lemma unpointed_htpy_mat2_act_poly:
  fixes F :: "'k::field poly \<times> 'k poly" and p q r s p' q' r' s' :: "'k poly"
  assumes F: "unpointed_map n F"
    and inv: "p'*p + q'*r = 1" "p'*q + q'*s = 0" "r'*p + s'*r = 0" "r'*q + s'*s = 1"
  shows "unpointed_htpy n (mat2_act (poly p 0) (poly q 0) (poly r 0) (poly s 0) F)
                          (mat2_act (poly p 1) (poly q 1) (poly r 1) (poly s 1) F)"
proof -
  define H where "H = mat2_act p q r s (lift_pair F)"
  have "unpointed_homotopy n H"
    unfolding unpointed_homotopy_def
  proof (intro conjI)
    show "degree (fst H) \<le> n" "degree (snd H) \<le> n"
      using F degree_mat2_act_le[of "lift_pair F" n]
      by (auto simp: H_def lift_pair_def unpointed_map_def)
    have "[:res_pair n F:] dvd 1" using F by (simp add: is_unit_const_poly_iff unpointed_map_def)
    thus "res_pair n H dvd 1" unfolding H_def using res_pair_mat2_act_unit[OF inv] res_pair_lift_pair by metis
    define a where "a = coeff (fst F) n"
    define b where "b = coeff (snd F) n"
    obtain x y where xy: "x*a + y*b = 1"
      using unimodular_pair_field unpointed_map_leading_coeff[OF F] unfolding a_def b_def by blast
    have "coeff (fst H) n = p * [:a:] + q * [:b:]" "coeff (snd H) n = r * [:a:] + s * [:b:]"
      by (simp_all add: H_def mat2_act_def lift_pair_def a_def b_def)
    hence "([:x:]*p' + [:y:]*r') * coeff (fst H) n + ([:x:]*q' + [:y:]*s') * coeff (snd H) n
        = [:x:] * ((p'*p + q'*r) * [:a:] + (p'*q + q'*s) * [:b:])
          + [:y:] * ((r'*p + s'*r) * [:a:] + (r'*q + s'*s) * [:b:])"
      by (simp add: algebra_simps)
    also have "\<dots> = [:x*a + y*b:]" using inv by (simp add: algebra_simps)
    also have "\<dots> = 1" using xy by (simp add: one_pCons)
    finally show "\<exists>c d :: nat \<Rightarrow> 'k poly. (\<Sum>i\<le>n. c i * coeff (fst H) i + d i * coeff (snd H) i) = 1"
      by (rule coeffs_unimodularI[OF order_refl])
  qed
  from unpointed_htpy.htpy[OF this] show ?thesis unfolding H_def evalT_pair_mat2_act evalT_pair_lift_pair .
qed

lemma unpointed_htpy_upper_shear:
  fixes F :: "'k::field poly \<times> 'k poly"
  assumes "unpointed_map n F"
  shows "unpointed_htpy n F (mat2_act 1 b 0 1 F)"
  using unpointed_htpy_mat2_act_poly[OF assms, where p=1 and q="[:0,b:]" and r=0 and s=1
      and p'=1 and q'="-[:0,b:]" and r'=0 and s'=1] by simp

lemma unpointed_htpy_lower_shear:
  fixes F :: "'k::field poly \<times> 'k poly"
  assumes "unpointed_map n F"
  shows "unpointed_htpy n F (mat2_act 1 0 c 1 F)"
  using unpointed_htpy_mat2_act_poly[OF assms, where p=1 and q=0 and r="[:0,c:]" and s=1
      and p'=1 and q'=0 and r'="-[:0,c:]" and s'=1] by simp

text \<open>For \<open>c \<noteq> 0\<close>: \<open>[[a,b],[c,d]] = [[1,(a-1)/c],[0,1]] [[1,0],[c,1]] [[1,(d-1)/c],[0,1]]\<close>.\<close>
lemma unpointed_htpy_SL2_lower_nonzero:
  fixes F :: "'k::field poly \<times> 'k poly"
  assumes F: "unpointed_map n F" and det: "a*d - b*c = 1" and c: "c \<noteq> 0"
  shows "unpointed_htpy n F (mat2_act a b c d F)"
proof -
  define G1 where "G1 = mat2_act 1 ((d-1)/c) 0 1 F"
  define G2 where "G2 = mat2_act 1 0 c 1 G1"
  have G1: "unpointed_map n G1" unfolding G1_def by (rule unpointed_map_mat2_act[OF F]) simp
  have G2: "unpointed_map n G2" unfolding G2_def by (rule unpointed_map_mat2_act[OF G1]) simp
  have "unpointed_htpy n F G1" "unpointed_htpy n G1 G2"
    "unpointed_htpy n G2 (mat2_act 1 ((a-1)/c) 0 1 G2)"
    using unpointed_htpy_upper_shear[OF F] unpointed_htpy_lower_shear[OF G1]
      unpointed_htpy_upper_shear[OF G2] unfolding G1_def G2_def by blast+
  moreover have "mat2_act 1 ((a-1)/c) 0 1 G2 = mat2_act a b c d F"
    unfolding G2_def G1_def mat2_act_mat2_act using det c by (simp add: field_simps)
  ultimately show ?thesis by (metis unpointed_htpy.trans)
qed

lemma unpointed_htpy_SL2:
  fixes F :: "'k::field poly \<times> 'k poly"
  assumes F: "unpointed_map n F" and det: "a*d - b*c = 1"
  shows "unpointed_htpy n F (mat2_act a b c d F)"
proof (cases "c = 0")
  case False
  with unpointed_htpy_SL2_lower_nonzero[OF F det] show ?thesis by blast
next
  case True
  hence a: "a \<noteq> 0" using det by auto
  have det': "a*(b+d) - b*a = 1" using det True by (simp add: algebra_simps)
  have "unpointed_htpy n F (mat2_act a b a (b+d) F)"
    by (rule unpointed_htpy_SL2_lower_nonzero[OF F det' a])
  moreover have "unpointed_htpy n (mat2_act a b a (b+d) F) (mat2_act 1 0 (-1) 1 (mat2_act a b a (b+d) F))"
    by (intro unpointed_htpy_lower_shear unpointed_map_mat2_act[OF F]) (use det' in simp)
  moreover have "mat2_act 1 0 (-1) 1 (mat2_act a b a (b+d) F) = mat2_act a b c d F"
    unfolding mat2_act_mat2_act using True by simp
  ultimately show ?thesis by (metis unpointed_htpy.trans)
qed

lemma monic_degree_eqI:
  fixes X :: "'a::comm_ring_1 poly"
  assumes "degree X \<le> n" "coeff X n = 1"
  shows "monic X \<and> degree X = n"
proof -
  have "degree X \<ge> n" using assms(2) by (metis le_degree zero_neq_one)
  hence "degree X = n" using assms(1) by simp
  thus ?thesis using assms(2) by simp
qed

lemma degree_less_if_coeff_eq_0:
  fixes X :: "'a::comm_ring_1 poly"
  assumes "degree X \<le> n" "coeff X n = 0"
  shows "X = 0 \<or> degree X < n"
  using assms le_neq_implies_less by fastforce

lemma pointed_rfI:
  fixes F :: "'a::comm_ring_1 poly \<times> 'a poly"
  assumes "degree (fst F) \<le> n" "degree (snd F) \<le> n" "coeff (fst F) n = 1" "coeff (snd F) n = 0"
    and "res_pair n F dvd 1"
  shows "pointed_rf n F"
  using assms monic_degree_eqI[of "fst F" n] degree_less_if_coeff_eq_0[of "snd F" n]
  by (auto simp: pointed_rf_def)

____

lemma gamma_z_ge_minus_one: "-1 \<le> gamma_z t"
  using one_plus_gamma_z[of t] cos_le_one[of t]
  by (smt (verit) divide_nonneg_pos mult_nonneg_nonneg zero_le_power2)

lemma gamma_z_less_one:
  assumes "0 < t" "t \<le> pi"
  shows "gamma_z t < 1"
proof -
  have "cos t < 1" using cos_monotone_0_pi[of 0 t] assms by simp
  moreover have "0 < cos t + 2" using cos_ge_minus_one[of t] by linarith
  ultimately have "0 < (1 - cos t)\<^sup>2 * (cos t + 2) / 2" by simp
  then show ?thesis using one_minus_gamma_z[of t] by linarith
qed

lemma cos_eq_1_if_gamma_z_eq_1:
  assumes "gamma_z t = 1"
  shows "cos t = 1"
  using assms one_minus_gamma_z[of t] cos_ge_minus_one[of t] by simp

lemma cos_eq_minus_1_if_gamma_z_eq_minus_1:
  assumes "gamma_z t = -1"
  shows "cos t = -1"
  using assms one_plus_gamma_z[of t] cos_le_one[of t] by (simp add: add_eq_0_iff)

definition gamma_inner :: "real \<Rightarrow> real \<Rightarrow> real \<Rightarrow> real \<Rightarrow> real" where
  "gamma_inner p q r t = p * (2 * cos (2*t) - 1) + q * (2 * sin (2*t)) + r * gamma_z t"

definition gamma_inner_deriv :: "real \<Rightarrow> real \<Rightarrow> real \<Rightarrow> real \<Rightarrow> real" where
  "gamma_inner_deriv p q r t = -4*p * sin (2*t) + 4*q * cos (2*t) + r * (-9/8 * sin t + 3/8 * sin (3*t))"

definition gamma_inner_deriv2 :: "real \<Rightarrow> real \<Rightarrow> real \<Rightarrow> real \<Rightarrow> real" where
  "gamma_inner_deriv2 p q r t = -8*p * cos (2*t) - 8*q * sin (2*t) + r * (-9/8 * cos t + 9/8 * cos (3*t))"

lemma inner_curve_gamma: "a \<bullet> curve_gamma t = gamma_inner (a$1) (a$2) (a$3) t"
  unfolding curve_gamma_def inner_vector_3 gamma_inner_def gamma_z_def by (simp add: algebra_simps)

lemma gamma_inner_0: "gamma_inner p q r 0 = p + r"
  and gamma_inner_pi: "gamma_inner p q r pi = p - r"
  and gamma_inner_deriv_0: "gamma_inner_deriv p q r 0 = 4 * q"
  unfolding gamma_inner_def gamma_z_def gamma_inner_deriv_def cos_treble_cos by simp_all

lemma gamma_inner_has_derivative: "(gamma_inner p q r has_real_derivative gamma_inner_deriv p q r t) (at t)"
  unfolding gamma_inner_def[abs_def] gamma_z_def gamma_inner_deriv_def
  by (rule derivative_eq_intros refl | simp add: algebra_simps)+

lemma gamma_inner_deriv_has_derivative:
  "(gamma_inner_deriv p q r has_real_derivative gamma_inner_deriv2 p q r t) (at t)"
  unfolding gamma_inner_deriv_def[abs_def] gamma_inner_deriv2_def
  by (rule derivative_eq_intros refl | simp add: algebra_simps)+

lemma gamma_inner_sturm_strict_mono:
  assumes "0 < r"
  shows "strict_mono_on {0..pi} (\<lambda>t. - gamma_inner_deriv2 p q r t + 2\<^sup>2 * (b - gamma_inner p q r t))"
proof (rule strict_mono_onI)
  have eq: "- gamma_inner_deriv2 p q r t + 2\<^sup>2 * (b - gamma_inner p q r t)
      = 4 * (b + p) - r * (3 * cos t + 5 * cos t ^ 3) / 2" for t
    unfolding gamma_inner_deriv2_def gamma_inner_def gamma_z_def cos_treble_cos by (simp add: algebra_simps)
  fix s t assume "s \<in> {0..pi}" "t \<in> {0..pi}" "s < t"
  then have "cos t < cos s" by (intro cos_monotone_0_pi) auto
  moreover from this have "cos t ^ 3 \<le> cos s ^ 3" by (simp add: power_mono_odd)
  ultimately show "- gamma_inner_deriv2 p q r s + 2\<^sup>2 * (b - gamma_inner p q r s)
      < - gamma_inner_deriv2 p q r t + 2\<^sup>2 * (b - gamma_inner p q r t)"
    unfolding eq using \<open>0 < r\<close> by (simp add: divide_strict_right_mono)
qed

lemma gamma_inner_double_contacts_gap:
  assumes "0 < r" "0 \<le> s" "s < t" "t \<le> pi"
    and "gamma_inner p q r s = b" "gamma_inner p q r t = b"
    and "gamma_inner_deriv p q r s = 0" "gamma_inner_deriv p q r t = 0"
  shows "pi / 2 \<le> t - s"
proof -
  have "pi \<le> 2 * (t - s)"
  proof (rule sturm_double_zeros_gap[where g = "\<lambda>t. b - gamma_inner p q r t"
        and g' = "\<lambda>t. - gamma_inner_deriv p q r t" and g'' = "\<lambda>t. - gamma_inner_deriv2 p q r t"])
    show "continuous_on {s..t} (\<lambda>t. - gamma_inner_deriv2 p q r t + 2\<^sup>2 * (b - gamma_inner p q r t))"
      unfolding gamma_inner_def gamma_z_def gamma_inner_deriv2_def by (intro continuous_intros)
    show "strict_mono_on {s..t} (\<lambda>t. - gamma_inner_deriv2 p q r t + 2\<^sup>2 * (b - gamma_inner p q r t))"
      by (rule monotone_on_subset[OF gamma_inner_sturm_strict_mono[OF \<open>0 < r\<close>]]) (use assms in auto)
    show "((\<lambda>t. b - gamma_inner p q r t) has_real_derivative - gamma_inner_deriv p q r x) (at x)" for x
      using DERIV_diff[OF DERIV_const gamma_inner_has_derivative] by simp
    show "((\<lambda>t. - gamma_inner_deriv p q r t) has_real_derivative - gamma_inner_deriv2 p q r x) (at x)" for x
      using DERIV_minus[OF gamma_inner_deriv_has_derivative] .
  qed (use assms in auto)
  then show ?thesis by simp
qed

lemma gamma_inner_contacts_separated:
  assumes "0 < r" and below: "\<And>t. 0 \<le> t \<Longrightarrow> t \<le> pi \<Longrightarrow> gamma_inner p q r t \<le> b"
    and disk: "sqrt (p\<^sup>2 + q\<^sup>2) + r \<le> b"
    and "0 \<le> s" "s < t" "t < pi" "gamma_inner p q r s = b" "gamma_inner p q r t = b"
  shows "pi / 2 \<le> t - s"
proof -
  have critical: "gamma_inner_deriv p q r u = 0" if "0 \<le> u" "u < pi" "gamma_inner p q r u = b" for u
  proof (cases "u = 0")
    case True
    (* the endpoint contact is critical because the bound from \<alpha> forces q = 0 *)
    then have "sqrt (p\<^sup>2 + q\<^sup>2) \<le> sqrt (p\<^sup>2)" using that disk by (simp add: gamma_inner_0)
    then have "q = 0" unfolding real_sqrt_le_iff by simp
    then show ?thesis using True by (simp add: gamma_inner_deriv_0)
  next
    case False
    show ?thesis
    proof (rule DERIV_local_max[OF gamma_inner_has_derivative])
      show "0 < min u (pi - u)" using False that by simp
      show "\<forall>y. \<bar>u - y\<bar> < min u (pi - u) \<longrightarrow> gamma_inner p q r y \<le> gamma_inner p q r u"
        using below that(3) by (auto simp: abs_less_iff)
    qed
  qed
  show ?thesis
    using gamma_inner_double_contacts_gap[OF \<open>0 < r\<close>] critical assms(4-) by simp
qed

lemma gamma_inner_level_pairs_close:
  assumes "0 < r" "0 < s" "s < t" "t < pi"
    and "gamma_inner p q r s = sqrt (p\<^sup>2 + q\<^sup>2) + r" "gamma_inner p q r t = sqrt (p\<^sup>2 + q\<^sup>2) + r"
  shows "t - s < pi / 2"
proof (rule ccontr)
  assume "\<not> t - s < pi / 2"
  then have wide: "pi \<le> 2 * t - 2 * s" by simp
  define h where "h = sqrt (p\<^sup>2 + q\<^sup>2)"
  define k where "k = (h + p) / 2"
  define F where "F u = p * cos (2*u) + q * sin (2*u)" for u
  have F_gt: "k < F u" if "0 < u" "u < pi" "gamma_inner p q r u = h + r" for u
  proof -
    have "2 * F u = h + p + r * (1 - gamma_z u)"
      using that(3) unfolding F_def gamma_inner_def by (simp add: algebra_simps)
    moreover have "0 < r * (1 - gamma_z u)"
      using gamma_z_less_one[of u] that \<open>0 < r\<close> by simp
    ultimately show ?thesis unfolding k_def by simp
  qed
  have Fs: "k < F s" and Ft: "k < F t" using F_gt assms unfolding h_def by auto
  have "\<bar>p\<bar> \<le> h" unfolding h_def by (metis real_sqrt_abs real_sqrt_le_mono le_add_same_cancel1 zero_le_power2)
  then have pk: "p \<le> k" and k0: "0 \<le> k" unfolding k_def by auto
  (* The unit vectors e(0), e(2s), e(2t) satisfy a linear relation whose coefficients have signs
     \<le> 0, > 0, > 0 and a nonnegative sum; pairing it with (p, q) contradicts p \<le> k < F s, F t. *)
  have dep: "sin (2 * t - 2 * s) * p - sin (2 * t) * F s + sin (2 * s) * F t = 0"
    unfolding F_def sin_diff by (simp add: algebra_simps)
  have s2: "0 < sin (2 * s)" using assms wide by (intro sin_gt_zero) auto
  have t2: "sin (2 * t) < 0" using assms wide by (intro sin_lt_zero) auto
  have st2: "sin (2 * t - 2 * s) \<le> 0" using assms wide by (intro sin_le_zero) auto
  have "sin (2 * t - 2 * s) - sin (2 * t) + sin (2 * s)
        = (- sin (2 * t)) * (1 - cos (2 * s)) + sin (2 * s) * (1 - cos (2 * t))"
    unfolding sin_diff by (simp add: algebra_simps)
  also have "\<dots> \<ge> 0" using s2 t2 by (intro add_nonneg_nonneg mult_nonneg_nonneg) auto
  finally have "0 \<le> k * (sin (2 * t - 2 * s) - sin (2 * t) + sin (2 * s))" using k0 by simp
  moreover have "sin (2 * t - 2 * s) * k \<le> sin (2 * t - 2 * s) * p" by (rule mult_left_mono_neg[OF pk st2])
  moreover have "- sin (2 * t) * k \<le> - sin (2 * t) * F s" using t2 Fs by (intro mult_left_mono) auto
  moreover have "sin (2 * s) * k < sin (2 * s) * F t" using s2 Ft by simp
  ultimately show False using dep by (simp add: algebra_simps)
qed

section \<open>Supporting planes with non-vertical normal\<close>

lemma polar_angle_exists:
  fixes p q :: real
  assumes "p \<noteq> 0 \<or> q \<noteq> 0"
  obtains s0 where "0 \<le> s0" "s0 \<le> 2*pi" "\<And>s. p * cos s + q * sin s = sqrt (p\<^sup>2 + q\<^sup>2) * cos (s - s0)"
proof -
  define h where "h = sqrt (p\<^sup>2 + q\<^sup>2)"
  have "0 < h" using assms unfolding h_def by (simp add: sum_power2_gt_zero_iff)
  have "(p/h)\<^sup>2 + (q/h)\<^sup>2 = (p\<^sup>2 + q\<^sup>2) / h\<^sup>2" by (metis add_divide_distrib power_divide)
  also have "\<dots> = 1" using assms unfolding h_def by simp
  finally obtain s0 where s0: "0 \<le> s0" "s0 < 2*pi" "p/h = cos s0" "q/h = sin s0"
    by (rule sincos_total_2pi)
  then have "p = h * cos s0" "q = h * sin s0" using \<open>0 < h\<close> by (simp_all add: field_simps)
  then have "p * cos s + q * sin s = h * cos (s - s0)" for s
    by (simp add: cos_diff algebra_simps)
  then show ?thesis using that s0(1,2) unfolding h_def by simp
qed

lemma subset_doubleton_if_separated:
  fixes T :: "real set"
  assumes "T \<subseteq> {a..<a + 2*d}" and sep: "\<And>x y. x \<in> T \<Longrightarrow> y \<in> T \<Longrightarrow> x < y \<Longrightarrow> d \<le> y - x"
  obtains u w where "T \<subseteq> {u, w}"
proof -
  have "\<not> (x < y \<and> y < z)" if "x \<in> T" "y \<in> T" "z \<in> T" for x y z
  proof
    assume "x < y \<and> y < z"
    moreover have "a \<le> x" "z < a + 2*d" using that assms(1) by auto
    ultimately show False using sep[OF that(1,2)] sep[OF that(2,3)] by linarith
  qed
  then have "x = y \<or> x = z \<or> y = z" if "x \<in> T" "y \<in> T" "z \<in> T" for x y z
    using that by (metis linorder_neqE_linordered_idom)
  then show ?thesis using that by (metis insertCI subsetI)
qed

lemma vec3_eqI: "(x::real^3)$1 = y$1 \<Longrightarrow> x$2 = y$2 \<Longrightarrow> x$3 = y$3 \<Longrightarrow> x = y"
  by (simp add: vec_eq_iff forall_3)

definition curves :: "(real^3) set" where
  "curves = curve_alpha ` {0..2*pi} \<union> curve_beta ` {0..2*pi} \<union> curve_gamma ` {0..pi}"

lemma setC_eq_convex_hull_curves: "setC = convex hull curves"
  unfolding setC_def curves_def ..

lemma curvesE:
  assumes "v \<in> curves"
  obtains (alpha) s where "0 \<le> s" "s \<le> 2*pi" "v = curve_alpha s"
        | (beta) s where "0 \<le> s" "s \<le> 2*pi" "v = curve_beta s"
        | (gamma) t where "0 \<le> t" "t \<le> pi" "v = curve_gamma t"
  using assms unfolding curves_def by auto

____

WHAT IS REQUIRED:
Using the entries above, give again exactly the lines from the line holding "- cos t)\<^sup>2" through the line holding "cos (2*t) +". Include both end lines and nothing else.

RESPONSE AREA:
  ultimately have "0 < (1 - cos t)\<^sup>2 * (cos t + 2) / 2" by simp
  then show ?thesis using one_minus_gamma_z[of t] by linarith
qed

lemma cos_eq_1_if_gamma_z_eq_1:
  assumes "gamma_z t = 1"
  shows "cos t = 1"
  using assms one_minus_gamma_z[of t] cos_ge_minus_one[of t] by simp

lemma cos_eq_minus_1_if_gamma_z_eq_minus_1:
  assumes "gamma_z t = -1"
  shows "cos t = -1"
  using assms one_plus_gamma_z[of t] cos_le_one[of t] by (simp add: add_eq_0_iff)

definition gamma_inner :: "real \<Rightarrow> real \<Rightarrow> real \<Rightarrow> real \<Rightarrow> real" where
  "gamma_inner p q r t = p * (2 * cos (2*t) - 1) + q * (2 * sin (2*t)) + r * gamma_z t"

definition gamma_inner_deriv :: "real \<Rightarrow> real \<Rightarrow> real \<Rightarrow> real \<Rightarrow> real" where
  "gamma_inner_deriv p q r t = -4*p * sin (2*t) + 4*q * cos (2*t) + r * (-9/8 * sin t + 3/8 * sin (3*t))"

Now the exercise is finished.